The long non-coding RNA LINDA restrains cellular collapse following DNA damage in Arabidopsis thaliana

The genomic integrity of every organism is endangered by various intrinsic and extrinsic stresses. To maintain the genomic integrity, a sophisticated DNA damage response (DDR) network is activated rapidly after DNA damage. Notably, the fundamental DDR mechanisms are conserved in eukaryotes. However, knowledge about many regulatory aspects of the plant DDR is still limited. Important, yet little understood, regulatory factors of the DDR are the long non-coding RNAs (lncRNAs). In humans, 13 lncRNAs functioning in DDR have been characterized to date, whereas no such lncRNAs have been characterized in plants yet. By meta-analysis, we identified the long intergenic non-coding RNA induced by DNA damage (LINDA) that responds strongly to various DNA double-strand break-inducing treatments, but not to replication stress induced by mitomycin C. After DNA damage, LINDA is rapidly induced in an ATM- and SOG1-dependent manner. Intriguingly, the transcriptional response of LINDA to DNA damage is similar to that of its flanking hypothetical protein-encoding gene. Phylogenetic analysis of putative Brassicales and Malvales LINDA homologs indicates that LINDA lncRNAs originate from duplication of a flanking small protein-encoding gene followed by pseudogenization. We demonstrate that LINDA is not only needed for the regulation of this flanking gene, but also for fine-tuning of the DDR after the occurrence of DNA double-strand breaks. Moreover, ?linda mutant root stem cells are unable to recover from DNA damage, most likely due to hyper-induced cell death. Overall design: We performed RNA-Seq experiments on wildtype (Col-0) and ?linda mutants after induction of DNA damage by treatment of 14-day-old seedlings with either 80 µg/ml Zeocin or 2 kJ UV-C. Mock treated seedlings or seedlings grown under normal light conditions were used as controls for Zeocin or UV-C treatment, respectively. Samples were harvested 3 hours after induction of DNA damage. We harvested four samples per genotype per treatment.
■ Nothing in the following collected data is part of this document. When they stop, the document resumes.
lemma
  fixes u v :: complex
  shows integrable_centred_terms_mult_cnj:
      "integrable M (\<lambda>x. of_real (Z l x - rate l) * u * cnj (of_real (Z m x - rate m) * v))"
    and expectation_centred_terms_mult_cnj:
      "expectation (\<lambda>x. of_real (Z l x - rate l) * u * cnj (of_real (Z m x - rate m) * v))
         = (if m = l then of_real (rate l) * u * cnj v else 0)"
    and expectation_norm_centred_terms_mult_cnj_le:
      "expectation (\<lambda>x. norm (of_real (Z l x - rate l) * u * cnj (of_real (Z m x - rate m) * v)))
         \<le> (2 * rate l + 1) * norm u * ((2 * rate m + 1) * norm v)"
proof -
  have eq: "of_real (Z l x - rate l) * u * cnj (of_real (Z m x - rate m) * v)
      = of_real ((Z l x - rate l) * (Z m x - rate m)) * (u * cnj v)" for x
    by simp
  show "integrable M (\<lambda>x. of_real (Z l x - rate l) * u * cnj (of_real (Z m x - rate m) * v))"
    unfolding eq by (intro integrable_mult_left integrable_of_real integrable_centred_Z_mult)
  show "expectation (\<lambda>x. of_real (Z l x - rate l) * u * cnj (of_real (Z m x - rate m) * v))
      = (if m = l then of_real (rate l) * u * cnj v else 0)"
    unfolding eq
    by (simp only: integral_mult_left_zero integral_complex_of_real expectation_centred_Z_mult) auto
  have "expectation (\<lambda>x. norm (of_real (Z l x - rate l) * u * cnj (of_real (Z m x - rate m) * v)))
      = expectation (\<lambda>x. \<bar>(Z l x - rate l) * (Z m x - rate m)\<bar>) * (norm u * norm v)"
    unfolding eq norm_mult norm_of_real complex_mod_cnj by (rule integral_mult_left_zero)
  also have "\<dots> \<le> (2 * rate l + 1) * (2 * rate m + 1) * (norm u * norm v)"
    by (intro mult_right_mono expectation_abs_centred_Z_mult_le) simp
  finally show "expectation (\<lambda>x. norm (of_real (Z l x - rate l) * u * cnj (of_real (Z m x - rate m) * v)))
      \<le> (2 * rate l + 1) * norm u * ((2 * rate m + 1) * norm v)"
    by (simp add: algebra_simps)
qed

lemma ccov_fvar:
  assumes z: "norm z < 1" and w: "norm w < 1"
  shows "ccov M (fvar Y z) (fvar Y w)
           = (\<Sum>l. of_real (rate l) * neglog_pow l z * cnj (neglog_pow l w))"
proof -
  define F where "F l x = of_real (Z l x - rate l) * neglog_pow l z" for l x
  define G where "G m x = of_real (Z m x - rate m) * neglog_pow m w" for m x
  have [measurable]: "F l \<in> borel_measurable M" "G l \<in> borel_measurable M" for l
    unfolding F_def[abs_def] G_def[abs_def] by simp_all
  have AE_eq: "AE x in M. (fvar Y z x - expectation (fvar Y z)) * cnj (fvar Y w x - expectation (fvar Y w))
      = (\<Sum>l. F l x) * cnj (\<Sum>m. G m x)"
    and AE_summable: "AE x in M. summable (\<lambda>l. norm (F l x))" "AE x in M. summable (\<lambda>m. norm (G m x))"
    using AE_centred_fvar_eq_series[OF z] AE_centred_fvar_eq_series[OF w]
    by (eventually_elim, simp add: F_def G_def)+
  have "ccov M (fvar Y z) (fvar Y w) = expectation (\<lambda>x. (\<Sum>l. F l x) * cnj (\<Sum>m. G m x))"
    unfolding ccov_def using AE_eq by (intro integral_cong_AE) simp_all
  also have "\<dots> = (\<Sum>l. \<Sum>m. expectation (\<lambda>x. F l x * cnj (G m x)))"
  proof (rule integral_suminf_mult_cnj_suminf[where p = "\<lambda>l. (2 * rate l + 1) * norm (neglog_pow l z)"
        and q = "\<lambda>m. (2 * rate m + 1) * norm (neglog_pow m w)"])
    show "integrable M (\<lambda>x. F l x * cnj (G m x))" for l m
      unfolding F_def G_def by (rule integrable_centred_terms_mult_cnj)
    show "(\<integral>x. norm (F l x * cnj (G m x)) \<partial>M)
        \<le> (2 * rate l + 1) * norm (neglog_pow l z) * ((2 * rate m + 1) * norm (neglog_pow m w))" for l m
      unfolding F_def G_def by (rule expectation_norm_centred_terms_mult_cnj_le)
  qed (use summable_rate_neglog_pow[OF z] summable_rate_neglog_pow[OF w] AE_summable in simp_all)
  also have "\<dots> = (\<Sum>l. of_real (rate l) * neglog_pow l z * cnj (neglog_pow l w))"
  proof -
    have single: "(\<Sum>m. if m = l then c else 0) = c" for l and c :: complex
      using sums_single[of l "\<lambda>_. c"] by (simp add: sums_iff)
    show ?thesis
      unfolding F_def G_def expectation_centred_terms_mult_cnj by (simp add: single cong: if_cong)
  qed
  finally show ?thesis .
qed

lemma has_sum_rate_power:
  assumes "norm u < 1"
  shows "((\<lambda>l. of_real (rate l) * u ^ l) has_sum gfun \<theta> (of_real r * u)) {1..}"
proof -
  have "ereal (norm (of_real r * u)) < conv_radius (\<lambda>k. complex_of_real (\<theta> k / real k))"
    unfolding conv_radius_of_real conv_radius_theta
    using assms r_pos by (simp add: norm_mult mult_less_cancel_left1)
  then have summable: "summable (\<lambda>l. norm (of_real (\<theta> l / real l) * (of_real r * u) ^ l))"
    by (rule abs_summable_in_conv_radius)
  have "((\<lambda>l. of_real (\<theta> l / real l) * (of_real r * u) ^ l) has_sum gfun \<theta> (of_real r * u)) UNIV"
    using summable_norm_cancel[OF summable]
    by (intro norm_summable_imp_has_sum summable) (simp add: gfun_def summable_sums)
  moreover have "of_real (\<theta> l / real l) * (of_real r * u) ^ l = of_real (rate l) * u ^ l" for l
    by (simp add: rate_def power_mult_distrib)
  ultimately have "((\<lambda>l. of_real (rate l) * u ^ l) has_sum gfun \<theta> (of_real r * u)) UNIV"
    by simp
  then show ?thesis
    by (rule has_sum_from_1_iff_UNIV[THEN iffD2, rotated]) simp
qed

lemma summable_on_rate_log_products:
  assumes z: "norm z < 1" and w: "norm w < 1"
  shows "(\<lambda>l. rate l * ((- ln (1 - norm z ^ l)) * (- ln (1 - norm w ^ l)))) summable_on {1..}"
proof (rule summable_on_comparison_nat)
  show "summable (\<lambda>l. rate l * norm z ^ l * (1 / (1 - norm z) * (1 / (1 - norm w))))"
    using summable_rate_power[of "norm z"] z by (intro summable_mult2) simp
  fix l :: nat
  have z_bounds: "0 \<le> - ln (1 - norm z ^ l)" "- ln (1 - norm z ^ l) \<le> norm z ^ l * (1 / (1 - norm z))"
    using minus_ln_one_minus_power_bounds[of "norm z" l] z by simp_all
  have "- ln (1 - norm w ^ l) \<le> norm w ^ l / (1 - norm w)"
    using minus_ln_one_minus_power_bounds(2)[of "norm w" l] w by simp
  also have "\<dots> \<le> 1 / (1 - norm w)"
    using w by (intro divide_right_mono power_le_one) simp_all
  finally have w_bounds: "0 \<le> - ln (1 - norm w ^ l)" "- ln (1 - norm w ^ l) \<le> 1 / (1 - norm w)"
    using minus_ln_one_minus_power_bounds(1)[of "norm w" l] w by simp_all
  show "rate l * ((- ln (1 - norm z ^ l)) * (- ln (1 - norm w ^ l)))
      \<le> rate l * norm z ^ l * (1 / (1 - norm z) * (1 / (1 - norm w)))"
    using mult_left_mono[OF mult_mono[OF z_bounds(2) w_bounds(2) _ w_bounds(1)] rate_nonneg[of l]] z
    by (simp only: mult.assoc) simp
  show "0 \<le> rate l * ((- ln (1 - norm z ^ l)) * (- ln (1 - norm w ^ l)))"
    using z_bounds(1) w_bounds(1) rate_nonneg[of l] by (intro mult_nonneg_nonneg)
qed (use z w rate_nonneg in simp)

lemma has_sum_rate_neglog_pow_triple_series:
  assumes z: "norm z < 1" and w: "norm w < 1"
  shows "((\<lambda>(l, a, b). of_real (rate l) * (z ^ (l * a) / of_nat a * (cnj w ^ (l * b) / of_nat b)))
           has_sum (\<Sum>l. of_real (rate l) * neglog_pow l z * cnj (neglog_pow l w)))
           ({1..} \<times> ({1..} \<times> {1..}))"
proof -
  define H where "H = (\<lambda>(l, a, b). of_real (rate l)
      * (z ^ (l * a) / of_nat a * (cnj w ^ (l * b) / of_nat b)) :: complex)"
  have inner: "((\<lambda>p. H (l, p)) has_sum of_real (rate l) * neglog_pow l z * cnj (neglog_pow l w))
      ({1..} \<times> {1..})" if "l \<in> {1..}" for l
    using has_sum_cmult_right[OF has_sum_neglog_pow_mult_cnj[OF z w], of l "of_real (rate l)"] that
    by (simp add: H_def case_prod_unfold mult.assoc)
  have inner_norm: "((\<lambda>p. norm (H (l, p)))
      has_sum rate l * ((- ln (1 - norm z ^ l)) * (- ln (1 - norm w ^ l)))) ({1..} \<times> {1..})"
    if "l \<in> {1..}" for l
  proof -
    have "norm (H (l, p)) = rate l
        * (case p of (a, b) \<Rightarrow> norm (z ^ (l * a) / of_nat a * (cnj w ^ (l * b) / of_nat b)))" for p
      using rate_nonneg[of l]
      by (cases p) (simp only: H_def prod.case norm_mult norm_of_real abs_of_nonneg)
    then show ?thesis
      using has_sum_cmult_right[OF has_sum_norm_neglog_pow_mult_cnj[OF z w], of l "rate l"] that
      by simp
  qed
  have "(\<lambda>p. norm (H p)) summable_on Sigma {1..} (\<lambda>_. {1..} \<times> {1..})"
    using summable_on_rate_log_products[OF z w] by (intro summable_on_SigmaI[OF inner_norm]) auto
  then obtain S where S: "(H has_sum S) ({1..} \<times> ({1..} \<times> {1..}))"
    unfolding summable_on_iff_abs_summable_on_complex[symmetric] summable_on_def by blast
  have "((\<lambda>l. of_real (rate l) * neglog_pow l z * cnj (neglog_pow l w)) has_sum S) {1..}"
    by (rule has_sum_SigmaD[OF S inner])
  then have "(\<Sum>l. of_real (rate l) * neglog_pow l z * cnj (neglog_pow l w)) = S"
    by (intro sums_unique[symmetric] has_sum_from_1_imp_sums) simp_all
  with S show ?thesis
    by (simp add: H_def)
qed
所有生物体的基因组完整性均会受到多种内源性与外源性胁迫的威胁。为维持基因组完整性，DNA发生损伤后会快速激活一套精密的DNA损伤应答（DNA damage response, DDR）网络。值得注意的是，真核生物的核心DDR机制具有高度保守性。然而，目前学界对植物DDR诸多调控层面的认知仍较为有限。DDR中一类重要却鲜有深入研究的调控因子是长链非编码RNA（long non-coding RNA, lncRNA）。迄今为止，人类中已有13种参与DDR的lncRNA被鉴定，但植物中尚未有相关lncRNA被表征。通过荟萃分析，我们鉴定出了DNA损伤诱导的基因间长链非编码RNA（long intergenic non-coding RNA induced by DNA damage, LINDA），其可对多种DNA双链断裂诱导处理产生强烈响应，但对丝裂霉素C诱导的复制胁迫无应答。DNA损伤发生后，LINDA会以ATM和SOG1依赖的方式被快速诱导。有趣的是，LINDA对DNA损伤的转录应答模式与其侧翼的假定蛋白编码基因高度相似。对十字花目（Brassicales）和锦葵目（Malvales）的推定LINDA同源序列进行系统发育分析，结果显示LINDA lncRNA起源于侧翼的小型蛋白编码基因的复制事件，随后发生假基因化。我们证实，LINDA不仅参与调控该侧翼基因的表达，还可对DNA双链断裂发生后的DDR进行精细调控。此外，Δlinda突变体的根干细胞无法从DNA损伤中恢复，这极有可能源于细胞死亡的过度诱导。总体实验设计：我们对野生型（Col-0）及Δlinda突变体幼苗开展RNA测序（RNA-seq）实验：将14日龄幼苗分别用80 μg/ml博莱霉素（Zeocin）或2 kJ UV-C处理以诱导DNA损伤，以Mock处理幼苗或正常光照条件下生长的幼苗分别作为博莱霉素或UV-C处理的对照。于DNA损伤诱导3小时后收集样本。每个基因型的每个处理组均设置4个生物学重复。